### Your assignment
Write out only the opening lines of the entries, through the line with "(f \<otimes>\<^bsub>BijGroup Y\<^esub>".

### Given records

_ _ _

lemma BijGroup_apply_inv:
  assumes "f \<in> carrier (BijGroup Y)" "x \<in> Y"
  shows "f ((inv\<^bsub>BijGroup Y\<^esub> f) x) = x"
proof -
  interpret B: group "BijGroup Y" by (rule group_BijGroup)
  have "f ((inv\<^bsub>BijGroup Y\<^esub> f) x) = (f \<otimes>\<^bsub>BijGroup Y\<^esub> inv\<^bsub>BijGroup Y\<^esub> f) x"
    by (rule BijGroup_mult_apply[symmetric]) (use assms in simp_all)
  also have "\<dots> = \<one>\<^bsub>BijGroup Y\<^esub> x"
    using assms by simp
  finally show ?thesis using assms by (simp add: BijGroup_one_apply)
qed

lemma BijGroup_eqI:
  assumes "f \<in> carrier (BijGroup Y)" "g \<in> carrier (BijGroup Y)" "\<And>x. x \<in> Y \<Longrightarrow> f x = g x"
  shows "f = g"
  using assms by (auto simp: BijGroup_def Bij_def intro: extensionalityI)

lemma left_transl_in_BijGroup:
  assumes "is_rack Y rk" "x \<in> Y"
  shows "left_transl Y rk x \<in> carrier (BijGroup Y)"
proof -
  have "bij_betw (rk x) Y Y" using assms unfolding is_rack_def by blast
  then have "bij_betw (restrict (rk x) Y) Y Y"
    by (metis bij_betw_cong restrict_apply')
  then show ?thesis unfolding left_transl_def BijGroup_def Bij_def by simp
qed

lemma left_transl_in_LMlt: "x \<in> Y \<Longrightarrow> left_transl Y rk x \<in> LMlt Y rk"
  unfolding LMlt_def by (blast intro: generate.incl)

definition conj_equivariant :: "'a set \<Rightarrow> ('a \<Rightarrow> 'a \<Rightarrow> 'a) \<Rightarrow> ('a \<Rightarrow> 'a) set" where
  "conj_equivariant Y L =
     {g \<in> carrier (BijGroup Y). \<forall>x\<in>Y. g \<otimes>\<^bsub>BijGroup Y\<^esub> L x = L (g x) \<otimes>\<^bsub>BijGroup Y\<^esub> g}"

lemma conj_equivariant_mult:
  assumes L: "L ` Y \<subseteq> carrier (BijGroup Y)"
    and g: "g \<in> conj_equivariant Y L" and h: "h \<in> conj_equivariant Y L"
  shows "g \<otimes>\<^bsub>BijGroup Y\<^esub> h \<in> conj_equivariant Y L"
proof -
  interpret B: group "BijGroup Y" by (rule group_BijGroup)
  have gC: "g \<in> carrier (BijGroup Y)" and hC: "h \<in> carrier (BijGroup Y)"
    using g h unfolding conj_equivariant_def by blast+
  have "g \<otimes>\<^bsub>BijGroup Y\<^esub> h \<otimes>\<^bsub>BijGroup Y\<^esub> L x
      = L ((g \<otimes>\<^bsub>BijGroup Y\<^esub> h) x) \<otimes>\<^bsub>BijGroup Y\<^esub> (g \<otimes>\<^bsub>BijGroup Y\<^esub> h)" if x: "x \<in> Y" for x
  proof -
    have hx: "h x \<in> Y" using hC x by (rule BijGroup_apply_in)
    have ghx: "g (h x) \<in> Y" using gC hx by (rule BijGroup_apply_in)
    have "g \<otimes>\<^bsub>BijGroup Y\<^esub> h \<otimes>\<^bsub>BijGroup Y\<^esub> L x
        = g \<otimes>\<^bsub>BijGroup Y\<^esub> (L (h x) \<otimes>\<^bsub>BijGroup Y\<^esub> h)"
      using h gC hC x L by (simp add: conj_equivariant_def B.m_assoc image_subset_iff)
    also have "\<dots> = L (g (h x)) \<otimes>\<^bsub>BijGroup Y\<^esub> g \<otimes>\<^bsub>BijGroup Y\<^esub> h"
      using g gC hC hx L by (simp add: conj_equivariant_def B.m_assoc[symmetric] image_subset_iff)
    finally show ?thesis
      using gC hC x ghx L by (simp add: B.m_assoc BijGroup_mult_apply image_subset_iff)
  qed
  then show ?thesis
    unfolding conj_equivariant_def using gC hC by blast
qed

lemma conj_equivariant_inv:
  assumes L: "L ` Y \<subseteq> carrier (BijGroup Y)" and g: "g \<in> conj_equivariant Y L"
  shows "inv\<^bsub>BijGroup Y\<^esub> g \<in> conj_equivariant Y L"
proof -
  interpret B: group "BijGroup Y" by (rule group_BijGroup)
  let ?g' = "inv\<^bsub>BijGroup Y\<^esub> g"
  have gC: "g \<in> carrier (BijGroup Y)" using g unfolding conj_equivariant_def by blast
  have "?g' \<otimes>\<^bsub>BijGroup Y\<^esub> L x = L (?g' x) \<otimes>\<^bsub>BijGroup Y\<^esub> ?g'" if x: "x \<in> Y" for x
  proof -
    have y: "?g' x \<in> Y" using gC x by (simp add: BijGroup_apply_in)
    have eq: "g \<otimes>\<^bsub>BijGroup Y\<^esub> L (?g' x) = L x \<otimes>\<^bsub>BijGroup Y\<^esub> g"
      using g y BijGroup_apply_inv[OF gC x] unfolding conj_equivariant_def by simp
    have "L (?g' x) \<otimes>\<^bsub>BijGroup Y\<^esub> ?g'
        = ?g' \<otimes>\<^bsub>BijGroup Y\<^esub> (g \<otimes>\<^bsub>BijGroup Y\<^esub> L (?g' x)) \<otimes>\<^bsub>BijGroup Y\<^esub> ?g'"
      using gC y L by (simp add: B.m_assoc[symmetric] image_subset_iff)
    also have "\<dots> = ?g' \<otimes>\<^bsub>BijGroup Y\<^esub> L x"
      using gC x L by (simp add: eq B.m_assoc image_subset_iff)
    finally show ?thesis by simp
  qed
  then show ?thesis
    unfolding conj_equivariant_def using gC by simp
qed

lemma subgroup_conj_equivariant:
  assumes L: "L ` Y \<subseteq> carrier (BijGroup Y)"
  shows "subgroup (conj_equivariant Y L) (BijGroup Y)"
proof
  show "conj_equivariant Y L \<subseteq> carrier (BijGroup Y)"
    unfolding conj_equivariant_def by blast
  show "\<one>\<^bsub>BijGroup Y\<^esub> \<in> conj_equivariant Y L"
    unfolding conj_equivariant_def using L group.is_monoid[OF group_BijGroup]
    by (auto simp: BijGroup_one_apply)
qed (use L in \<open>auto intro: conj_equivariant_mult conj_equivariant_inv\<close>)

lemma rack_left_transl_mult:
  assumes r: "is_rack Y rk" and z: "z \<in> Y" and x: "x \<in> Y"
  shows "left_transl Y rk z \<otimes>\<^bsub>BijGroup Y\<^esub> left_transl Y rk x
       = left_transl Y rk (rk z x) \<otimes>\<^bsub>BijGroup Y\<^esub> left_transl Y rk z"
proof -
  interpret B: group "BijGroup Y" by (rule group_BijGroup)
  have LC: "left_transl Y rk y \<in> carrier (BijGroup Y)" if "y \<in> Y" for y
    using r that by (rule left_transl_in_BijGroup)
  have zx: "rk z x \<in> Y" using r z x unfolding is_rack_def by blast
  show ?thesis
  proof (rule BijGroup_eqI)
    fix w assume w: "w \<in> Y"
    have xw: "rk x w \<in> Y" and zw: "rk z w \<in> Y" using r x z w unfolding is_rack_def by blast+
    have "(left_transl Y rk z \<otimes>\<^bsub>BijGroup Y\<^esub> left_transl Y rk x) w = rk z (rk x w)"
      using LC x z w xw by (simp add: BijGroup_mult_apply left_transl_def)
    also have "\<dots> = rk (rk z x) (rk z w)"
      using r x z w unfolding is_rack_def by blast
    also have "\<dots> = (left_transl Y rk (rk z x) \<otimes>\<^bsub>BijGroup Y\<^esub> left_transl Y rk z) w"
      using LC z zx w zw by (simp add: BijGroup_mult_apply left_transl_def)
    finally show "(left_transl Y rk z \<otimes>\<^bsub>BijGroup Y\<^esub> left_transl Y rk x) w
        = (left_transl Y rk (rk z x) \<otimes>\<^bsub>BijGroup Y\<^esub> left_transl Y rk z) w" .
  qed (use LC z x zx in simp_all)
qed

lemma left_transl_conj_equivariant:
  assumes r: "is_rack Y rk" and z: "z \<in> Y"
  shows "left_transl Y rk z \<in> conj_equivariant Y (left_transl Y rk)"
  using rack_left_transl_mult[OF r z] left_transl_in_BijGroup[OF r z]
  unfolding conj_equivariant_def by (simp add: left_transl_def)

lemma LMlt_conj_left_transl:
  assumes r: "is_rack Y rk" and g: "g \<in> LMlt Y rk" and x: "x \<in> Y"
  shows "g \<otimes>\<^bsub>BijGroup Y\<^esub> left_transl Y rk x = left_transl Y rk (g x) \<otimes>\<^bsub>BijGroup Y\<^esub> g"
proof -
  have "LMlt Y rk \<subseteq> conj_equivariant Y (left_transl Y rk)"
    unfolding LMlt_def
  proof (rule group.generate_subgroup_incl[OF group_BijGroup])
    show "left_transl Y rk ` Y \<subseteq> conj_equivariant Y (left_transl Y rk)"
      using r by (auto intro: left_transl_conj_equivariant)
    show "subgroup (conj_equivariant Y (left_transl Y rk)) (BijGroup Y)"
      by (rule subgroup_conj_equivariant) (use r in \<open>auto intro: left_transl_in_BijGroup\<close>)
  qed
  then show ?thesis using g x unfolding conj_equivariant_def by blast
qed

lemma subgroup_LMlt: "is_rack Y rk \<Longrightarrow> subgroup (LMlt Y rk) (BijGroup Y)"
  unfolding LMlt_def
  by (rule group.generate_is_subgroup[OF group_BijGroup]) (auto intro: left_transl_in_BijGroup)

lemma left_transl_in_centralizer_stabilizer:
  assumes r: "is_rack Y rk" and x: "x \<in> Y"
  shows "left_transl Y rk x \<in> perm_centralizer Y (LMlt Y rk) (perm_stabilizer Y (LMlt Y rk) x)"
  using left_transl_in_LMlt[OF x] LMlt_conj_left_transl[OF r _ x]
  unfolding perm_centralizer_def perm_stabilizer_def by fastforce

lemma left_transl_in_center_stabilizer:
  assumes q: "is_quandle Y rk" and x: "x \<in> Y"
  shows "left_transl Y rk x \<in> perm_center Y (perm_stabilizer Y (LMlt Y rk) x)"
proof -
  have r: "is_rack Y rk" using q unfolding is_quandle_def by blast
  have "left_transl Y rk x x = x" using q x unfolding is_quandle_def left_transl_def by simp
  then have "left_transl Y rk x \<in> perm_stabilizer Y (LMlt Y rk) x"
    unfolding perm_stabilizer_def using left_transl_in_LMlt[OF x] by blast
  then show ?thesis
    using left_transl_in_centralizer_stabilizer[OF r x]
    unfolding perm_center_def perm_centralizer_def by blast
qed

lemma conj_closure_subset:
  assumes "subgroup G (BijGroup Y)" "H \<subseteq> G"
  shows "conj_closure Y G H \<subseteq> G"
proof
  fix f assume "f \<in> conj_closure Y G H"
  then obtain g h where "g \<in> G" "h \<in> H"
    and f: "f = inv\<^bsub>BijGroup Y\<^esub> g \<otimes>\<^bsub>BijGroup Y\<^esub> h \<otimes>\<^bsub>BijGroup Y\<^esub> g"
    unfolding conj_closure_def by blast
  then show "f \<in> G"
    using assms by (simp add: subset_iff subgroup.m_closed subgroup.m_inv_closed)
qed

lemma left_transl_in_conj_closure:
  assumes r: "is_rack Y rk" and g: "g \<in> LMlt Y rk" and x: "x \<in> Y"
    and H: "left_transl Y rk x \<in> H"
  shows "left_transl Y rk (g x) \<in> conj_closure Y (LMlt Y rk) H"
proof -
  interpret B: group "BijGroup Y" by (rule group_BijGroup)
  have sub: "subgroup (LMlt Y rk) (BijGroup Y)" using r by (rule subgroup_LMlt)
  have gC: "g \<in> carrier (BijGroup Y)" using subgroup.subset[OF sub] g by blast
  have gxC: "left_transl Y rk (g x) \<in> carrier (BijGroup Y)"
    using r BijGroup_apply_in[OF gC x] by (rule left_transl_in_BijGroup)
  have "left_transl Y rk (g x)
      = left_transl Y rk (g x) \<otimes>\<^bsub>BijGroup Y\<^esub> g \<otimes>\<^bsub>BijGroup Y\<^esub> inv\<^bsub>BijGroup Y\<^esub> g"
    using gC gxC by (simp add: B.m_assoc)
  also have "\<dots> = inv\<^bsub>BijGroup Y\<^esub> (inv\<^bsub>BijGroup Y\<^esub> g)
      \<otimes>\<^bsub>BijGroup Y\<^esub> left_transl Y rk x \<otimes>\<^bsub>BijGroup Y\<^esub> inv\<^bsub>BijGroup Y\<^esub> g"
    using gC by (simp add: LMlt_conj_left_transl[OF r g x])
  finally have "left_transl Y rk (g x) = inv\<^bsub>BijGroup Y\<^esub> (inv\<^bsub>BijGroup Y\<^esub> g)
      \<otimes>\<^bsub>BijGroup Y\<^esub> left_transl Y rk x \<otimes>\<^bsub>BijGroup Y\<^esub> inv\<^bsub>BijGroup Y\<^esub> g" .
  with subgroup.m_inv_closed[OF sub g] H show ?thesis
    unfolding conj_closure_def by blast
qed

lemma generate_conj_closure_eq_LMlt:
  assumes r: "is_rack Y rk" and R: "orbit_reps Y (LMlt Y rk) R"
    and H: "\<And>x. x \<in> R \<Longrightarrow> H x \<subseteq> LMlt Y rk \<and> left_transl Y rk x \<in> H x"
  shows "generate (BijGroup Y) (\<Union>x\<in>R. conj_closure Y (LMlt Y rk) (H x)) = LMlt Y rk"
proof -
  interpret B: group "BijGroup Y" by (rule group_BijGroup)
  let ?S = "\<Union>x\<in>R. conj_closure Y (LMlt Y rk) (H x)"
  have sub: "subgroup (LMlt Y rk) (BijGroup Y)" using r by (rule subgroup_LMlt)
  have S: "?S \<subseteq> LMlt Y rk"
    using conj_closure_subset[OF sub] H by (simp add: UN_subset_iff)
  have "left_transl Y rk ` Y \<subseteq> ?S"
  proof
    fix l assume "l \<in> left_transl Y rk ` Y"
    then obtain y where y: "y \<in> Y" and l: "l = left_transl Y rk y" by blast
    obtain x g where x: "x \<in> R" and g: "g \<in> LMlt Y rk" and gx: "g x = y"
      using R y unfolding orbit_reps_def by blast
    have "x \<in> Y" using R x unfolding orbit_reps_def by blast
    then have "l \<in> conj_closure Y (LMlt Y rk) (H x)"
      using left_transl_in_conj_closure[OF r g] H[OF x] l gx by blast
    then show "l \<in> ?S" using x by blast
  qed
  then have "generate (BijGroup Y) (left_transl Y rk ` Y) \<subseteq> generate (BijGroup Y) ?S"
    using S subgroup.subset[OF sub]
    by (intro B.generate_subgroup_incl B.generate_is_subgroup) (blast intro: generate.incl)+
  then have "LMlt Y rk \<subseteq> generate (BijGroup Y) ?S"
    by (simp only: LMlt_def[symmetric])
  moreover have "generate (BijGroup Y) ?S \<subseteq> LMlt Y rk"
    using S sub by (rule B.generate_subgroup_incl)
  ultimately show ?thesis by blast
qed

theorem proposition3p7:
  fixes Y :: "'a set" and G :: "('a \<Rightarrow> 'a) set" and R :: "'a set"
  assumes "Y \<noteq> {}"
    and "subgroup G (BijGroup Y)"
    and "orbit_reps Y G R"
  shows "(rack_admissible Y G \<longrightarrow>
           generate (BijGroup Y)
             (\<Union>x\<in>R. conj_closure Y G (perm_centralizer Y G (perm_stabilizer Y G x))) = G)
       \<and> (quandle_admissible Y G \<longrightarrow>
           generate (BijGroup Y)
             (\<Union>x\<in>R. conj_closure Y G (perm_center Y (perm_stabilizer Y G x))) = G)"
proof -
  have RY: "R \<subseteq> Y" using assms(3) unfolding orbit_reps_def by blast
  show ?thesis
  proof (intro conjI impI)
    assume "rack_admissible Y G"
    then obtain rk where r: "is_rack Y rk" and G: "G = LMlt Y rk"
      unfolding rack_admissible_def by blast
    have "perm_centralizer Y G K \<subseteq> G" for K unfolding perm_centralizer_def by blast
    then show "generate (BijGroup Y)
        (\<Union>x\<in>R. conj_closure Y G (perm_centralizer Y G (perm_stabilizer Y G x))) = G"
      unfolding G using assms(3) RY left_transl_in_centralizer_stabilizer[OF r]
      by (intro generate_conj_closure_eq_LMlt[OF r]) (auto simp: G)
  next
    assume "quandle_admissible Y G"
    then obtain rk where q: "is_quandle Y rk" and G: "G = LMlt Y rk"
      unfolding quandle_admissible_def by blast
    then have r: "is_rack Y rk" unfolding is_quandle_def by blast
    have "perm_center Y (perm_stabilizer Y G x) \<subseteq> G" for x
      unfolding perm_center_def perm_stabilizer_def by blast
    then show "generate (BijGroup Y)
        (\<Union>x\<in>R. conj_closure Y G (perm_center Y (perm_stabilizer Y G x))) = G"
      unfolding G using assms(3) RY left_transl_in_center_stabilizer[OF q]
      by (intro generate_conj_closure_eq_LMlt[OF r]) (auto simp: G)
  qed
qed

_ _ _

### Task answer
lemma BijGroup_apply_inv:
  assumes "f \<in> carrier (BijGroup Y)" "x \<in> Y"
  shows "f ((inv\<^bsub>BijGroup Y\<^esub> f) x) = x"
proof -
  interpret B: group "BijGroup Y" by (rule group_BijGroup)
  have "f ((inv\<^bsub>BijGroup Y\<^esub> f) x) = (f \<otimes>\<^bsub>BijGroup Y\<^esub> inv\<^bsub>BijGroup Y\<^esub> f) x"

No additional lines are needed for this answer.